Records drawn from a dataset
______

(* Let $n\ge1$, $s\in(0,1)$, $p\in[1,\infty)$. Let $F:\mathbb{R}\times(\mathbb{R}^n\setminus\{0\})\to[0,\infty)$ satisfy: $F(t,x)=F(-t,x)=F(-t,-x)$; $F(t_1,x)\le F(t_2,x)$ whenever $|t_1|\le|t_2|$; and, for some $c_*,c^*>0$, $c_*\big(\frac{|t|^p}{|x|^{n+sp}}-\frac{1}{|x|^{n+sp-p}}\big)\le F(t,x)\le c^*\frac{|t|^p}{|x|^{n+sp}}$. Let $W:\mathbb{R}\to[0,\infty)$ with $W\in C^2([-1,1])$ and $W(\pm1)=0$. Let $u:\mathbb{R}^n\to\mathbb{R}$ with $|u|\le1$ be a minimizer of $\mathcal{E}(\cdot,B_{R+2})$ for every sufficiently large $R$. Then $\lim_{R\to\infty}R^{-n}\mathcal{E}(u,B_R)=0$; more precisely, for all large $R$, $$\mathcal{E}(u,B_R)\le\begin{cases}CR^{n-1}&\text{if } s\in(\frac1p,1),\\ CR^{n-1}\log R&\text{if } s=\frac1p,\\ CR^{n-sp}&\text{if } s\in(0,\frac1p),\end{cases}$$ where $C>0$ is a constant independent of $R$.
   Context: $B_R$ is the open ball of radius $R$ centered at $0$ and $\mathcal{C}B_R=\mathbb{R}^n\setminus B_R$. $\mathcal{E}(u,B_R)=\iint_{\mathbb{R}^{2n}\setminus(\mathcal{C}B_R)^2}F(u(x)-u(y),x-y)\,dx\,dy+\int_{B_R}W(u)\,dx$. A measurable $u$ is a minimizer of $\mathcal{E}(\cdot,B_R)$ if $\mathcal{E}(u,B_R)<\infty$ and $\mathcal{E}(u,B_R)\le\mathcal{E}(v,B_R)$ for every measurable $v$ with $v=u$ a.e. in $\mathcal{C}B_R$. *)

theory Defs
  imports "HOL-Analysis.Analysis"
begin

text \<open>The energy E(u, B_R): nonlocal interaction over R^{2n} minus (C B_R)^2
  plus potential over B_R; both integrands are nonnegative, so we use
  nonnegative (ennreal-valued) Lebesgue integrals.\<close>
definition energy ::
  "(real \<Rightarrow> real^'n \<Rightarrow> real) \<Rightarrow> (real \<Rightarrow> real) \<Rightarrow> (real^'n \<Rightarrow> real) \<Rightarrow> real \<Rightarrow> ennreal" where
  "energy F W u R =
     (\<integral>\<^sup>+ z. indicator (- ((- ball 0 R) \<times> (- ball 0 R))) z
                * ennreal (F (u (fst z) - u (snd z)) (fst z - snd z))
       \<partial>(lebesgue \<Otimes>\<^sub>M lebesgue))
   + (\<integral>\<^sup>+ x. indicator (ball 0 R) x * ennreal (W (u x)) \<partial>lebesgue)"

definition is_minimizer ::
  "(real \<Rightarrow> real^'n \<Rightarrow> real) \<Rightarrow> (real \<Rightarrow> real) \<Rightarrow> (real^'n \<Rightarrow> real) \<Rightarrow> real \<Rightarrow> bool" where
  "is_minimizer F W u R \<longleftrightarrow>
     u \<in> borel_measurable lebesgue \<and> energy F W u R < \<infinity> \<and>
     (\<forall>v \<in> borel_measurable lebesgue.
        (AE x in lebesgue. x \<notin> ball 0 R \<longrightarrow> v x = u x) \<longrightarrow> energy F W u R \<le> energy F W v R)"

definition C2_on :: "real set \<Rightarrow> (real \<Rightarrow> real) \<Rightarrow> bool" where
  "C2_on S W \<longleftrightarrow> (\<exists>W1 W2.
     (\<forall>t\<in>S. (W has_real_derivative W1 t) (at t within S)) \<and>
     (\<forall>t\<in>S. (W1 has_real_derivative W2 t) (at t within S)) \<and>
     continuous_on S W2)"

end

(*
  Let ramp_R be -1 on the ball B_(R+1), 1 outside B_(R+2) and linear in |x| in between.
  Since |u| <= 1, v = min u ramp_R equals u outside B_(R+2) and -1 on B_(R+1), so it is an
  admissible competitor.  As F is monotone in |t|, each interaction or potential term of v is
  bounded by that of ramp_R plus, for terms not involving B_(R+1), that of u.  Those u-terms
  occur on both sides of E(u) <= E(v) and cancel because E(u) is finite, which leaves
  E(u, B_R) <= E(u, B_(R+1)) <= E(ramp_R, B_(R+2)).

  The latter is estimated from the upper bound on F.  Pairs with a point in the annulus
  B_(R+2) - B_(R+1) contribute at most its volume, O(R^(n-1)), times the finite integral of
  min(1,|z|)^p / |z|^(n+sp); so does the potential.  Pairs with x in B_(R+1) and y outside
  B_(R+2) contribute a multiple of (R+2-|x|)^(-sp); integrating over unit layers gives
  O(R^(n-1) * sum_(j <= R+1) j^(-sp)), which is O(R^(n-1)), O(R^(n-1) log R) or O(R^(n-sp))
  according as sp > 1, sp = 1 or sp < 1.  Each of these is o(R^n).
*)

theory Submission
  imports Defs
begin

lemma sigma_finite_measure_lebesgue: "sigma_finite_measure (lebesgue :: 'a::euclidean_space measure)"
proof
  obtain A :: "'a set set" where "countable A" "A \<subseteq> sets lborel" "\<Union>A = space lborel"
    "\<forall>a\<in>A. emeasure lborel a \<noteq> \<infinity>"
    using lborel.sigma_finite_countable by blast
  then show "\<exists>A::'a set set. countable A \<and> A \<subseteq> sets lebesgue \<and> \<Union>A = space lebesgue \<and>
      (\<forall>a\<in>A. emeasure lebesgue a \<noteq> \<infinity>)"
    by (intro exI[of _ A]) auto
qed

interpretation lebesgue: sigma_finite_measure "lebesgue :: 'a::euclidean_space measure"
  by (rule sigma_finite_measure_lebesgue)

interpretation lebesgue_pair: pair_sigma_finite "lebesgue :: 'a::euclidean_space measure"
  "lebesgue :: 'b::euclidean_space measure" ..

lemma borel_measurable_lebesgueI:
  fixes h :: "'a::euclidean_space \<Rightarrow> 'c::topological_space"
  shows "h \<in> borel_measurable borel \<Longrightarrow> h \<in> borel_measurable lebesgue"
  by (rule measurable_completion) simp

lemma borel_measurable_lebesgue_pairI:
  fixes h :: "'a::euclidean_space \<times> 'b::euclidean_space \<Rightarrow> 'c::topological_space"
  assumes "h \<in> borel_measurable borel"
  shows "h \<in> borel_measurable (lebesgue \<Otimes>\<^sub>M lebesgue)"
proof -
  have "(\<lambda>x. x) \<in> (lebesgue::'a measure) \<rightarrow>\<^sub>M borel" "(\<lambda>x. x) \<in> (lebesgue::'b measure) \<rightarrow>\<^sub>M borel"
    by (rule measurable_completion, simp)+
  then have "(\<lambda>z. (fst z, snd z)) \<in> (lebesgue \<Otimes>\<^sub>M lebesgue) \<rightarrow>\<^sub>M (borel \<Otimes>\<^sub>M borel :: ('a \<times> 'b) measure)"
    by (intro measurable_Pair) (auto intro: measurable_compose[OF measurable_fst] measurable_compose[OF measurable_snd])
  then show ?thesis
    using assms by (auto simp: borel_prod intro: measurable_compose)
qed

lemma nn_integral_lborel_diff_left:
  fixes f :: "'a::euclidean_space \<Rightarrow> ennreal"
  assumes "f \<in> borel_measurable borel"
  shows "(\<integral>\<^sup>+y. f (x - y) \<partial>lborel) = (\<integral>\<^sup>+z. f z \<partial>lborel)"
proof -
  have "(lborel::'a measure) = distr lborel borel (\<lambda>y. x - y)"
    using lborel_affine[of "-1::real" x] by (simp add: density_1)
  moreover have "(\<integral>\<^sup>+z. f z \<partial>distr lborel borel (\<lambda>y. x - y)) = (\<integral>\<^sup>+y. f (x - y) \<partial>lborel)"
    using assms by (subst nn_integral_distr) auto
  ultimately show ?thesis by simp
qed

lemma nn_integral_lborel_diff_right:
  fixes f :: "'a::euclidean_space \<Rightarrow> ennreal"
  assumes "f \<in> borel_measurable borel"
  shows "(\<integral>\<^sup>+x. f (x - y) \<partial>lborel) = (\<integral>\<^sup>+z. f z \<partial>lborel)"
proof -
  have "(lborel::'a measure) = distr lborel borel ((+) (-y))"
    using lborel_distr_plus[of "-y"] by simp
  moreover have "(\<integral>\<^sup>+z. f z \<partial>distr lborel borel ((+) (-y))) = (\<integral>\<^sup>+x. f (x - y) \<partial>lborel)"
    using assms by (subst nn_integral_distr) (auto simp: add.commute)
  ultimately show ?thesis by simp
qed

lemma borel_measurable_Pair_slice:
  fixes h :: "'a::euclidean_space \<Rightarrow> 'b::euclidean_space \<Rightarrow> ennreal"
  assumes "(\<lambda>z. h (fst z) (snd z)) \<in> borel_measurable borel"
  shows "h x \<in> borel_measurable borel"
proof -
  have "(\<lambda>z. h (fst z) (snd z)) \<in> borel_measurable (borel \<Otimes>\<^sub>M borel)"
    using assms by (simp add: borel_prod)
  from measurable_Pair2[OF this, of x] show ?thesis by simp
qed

______

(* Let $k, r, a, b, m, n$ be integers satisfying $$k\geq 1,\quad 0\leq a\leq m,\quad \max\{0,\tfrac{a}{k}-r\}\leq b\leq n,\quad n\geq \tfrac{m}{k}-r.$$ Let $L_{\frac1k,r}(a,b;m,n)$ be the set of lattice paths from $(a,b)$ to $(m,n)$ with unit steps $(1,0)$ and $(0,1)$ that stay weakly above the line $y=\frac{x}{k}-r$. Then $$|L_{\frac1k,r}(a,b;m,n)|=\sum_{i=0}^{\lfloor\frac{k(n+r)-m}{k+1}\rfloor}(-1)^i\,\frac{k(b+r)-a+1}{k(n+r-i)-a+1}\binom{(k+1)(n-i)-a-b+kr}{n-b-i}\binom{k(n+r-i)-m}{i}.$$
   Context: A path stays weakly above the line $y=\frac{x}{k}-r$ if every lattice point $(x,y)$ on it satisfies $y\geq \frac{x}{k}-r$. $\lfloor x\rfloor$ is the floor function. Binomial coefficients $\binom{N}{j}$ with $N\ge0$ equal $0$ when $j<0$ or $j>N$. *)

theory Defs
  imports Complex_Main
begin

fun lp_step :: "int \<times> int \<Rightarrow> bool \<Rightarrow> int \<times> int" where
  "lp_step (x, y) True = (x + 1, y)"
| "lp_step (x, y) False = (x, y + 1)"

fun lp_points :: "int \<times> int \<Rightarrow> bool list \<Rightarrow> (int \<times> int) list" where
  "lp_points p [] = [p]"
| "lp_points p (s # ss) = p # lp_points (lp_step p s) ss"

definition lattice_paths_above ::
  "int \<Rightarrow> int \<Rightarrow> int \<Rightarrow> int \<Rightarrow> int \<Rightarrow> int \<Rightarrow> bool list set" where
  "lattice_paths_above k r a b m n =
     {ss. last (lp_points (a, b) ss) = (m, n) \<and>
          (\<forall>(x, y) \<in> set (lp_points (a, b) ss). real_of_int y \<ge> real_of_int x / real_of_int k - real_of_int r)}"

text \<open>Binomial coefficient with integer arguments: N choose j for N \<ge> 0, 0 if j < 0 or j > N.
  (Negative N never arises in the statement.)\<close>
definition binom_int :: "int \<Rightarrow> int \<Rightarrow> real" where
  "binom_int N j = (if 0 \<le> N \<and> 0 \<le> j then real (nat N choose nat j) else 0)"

______

* _Task instructions_: Would you filter the records and copy out each line containing "interpretation"?

* _Solution to the exercise_:
interpretation lebesgue: sigma_finite_measure "lebesgue :: 'a::euclidean_space measure"
interpretation lebesgue_pair: pair_sigma_finite "lebesgue :: 'a::euclidean_space measure"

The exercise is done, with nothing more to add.